- [YOUR ASSIGNMENT]: Present the data once more in exactly its original form.

(Stored data)
(* There exist a constant $c>0$ and infinitely many $n\in\mathbb{N}$ such that for each of them there is a connected graph $G$ on $n$ vertices and vertices $a,b\in V(G)$ such that, in the geodesic-biased random walk on $G$ with target $b$ and excited set $\mathcal{X}=\{a\}$, started at $a$ (for any choice of the fixed shortest paths), \[\mathbb{E}[\tau_a(b,\{a\})]\ \ge\ c\,\exp\left(\frac{\sqrt[4]{n}\,\log n}{100}\right).\]
   Context: Geodesic-biased random walk: let $G$ be a finite connected graph, $b\in V(G)$ a target vertex and $\mathcal{X}\subseteq V(G)$ a set of excited vertices. For every vertex $x\neq b$ fix in advance one shortest path (geodesic) in $G$ from $x$ to $b$. A walker moves in discrete time: from an unexcited vertex ($x\notin\mathcal{X}$) she moves to a uniformly random neighbour of $x$; from an excited vertex ($x\in\mathcal{X}$) she moves deterministically to the next vertex on the fixed shortest path from $x$ to $b$. $\tau_a(b,\mathcal{X})$ denotes the first time the walker started at $a$ visits $b$. *)

theory Defs
  imports "HOL-Probability.Probability"
begin

definition graph :: "'a set \<Rightarrow> ('a \<Rightarrow> 'a \<Rightarrow> bool) \<Rightarrow> bool" where
  "graph V E \<longleftrightarrow> finite V \<and> (\<forall>x y. E x y \<longrightarrow> x \<in> V \<and> y \<in> V)
     \<and> (\<forall>x y. E x y \<longrightarrow> E y x) \<and> (\<forall>x. \<not> E x x)"

definition connected_graph :: "'a set \<Rightarrow> ('a \<Rightarrow> 'a \<Rightarrow> bool) \<Rightarrow> bool" where
  "connected_graph V E \<longleftrightarrow> V \<noteq> {} \<and> (\<forall>x\<in>V. \<forall>y\<in>V. E\<^sup>*\<^sup>* x y)"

- [RESULT]:
(* There exist a constant $c>0$ and infinitely many $n\in\mathbb{N}$ such that for each of them there is a connected graph $G$ on $n$ vertices and vertices $a,b\in V(G)$ such that, in the geodesic-biased random walk on $G$ with target $b$ and excited set $\mathcal{X}=\{a\}$, started at $a$ (for any choice of the fixed shortest paths), \[\mathbb{E}[\tau_a(b,\{a\})]\ \ge\ c\,\exp\left(\frac{\sqrt[4]{n}\,\log n}{100}\right).\]
   Context: Geodesic-biased random walk: let $G$ be a finite connected graph, $b\in V(G)$ a target vertex and $\mathcal{X}\subseteq V(G)$ a set of excited vertices. For every vertex $x\neq b$ fix in advance one shortest path (geodesic) in $G$ from $x$ to $b$. A walker moves in discrete time: from an unexcited vertex ($x\notin\mathcal{X}$) she moves to a uniformly random neighbour of $x$; from an excited vertex ($x\in\mathcal{X}$) she moves deterministically to the next vertex on the fixed shortest path from $x$ to $b$. $\tau_a(b,\mathcal{X})$ denotes the first time the walker started at $a$ visits $b$. *)

theory Defs
  imports "HOL-Probability.Probability"
begin

definition graph :: "'a set \<Rightarrow> ('a \<Rightarrow> 'a \<Rightarrow> bool) \<Rightarrow> bool" where
  "graph V E \<longleftrightarrow> finite V \<and> (\<forall>x y. E x y \<longrightarrow> x \<in> V \<and> y \<in> V)
     \<and> (\<forall>x y. E x y \<longrightarrow> E y x) \<and> (\<forall>x. \<not> E x x)"

definition connected_graph :: "'a set \<Rightarrow> ('a \<Rightarrow> 'a \<Rightarrow> bool) \<Rightarrow> bool" where
  "connected_graph V E \<longleftrightarrow> V \<noteq> {} \<and> (\<forall>x\<in>V. \<forall>y\<in>V. E\<^sup>*\<^sup>* x y)"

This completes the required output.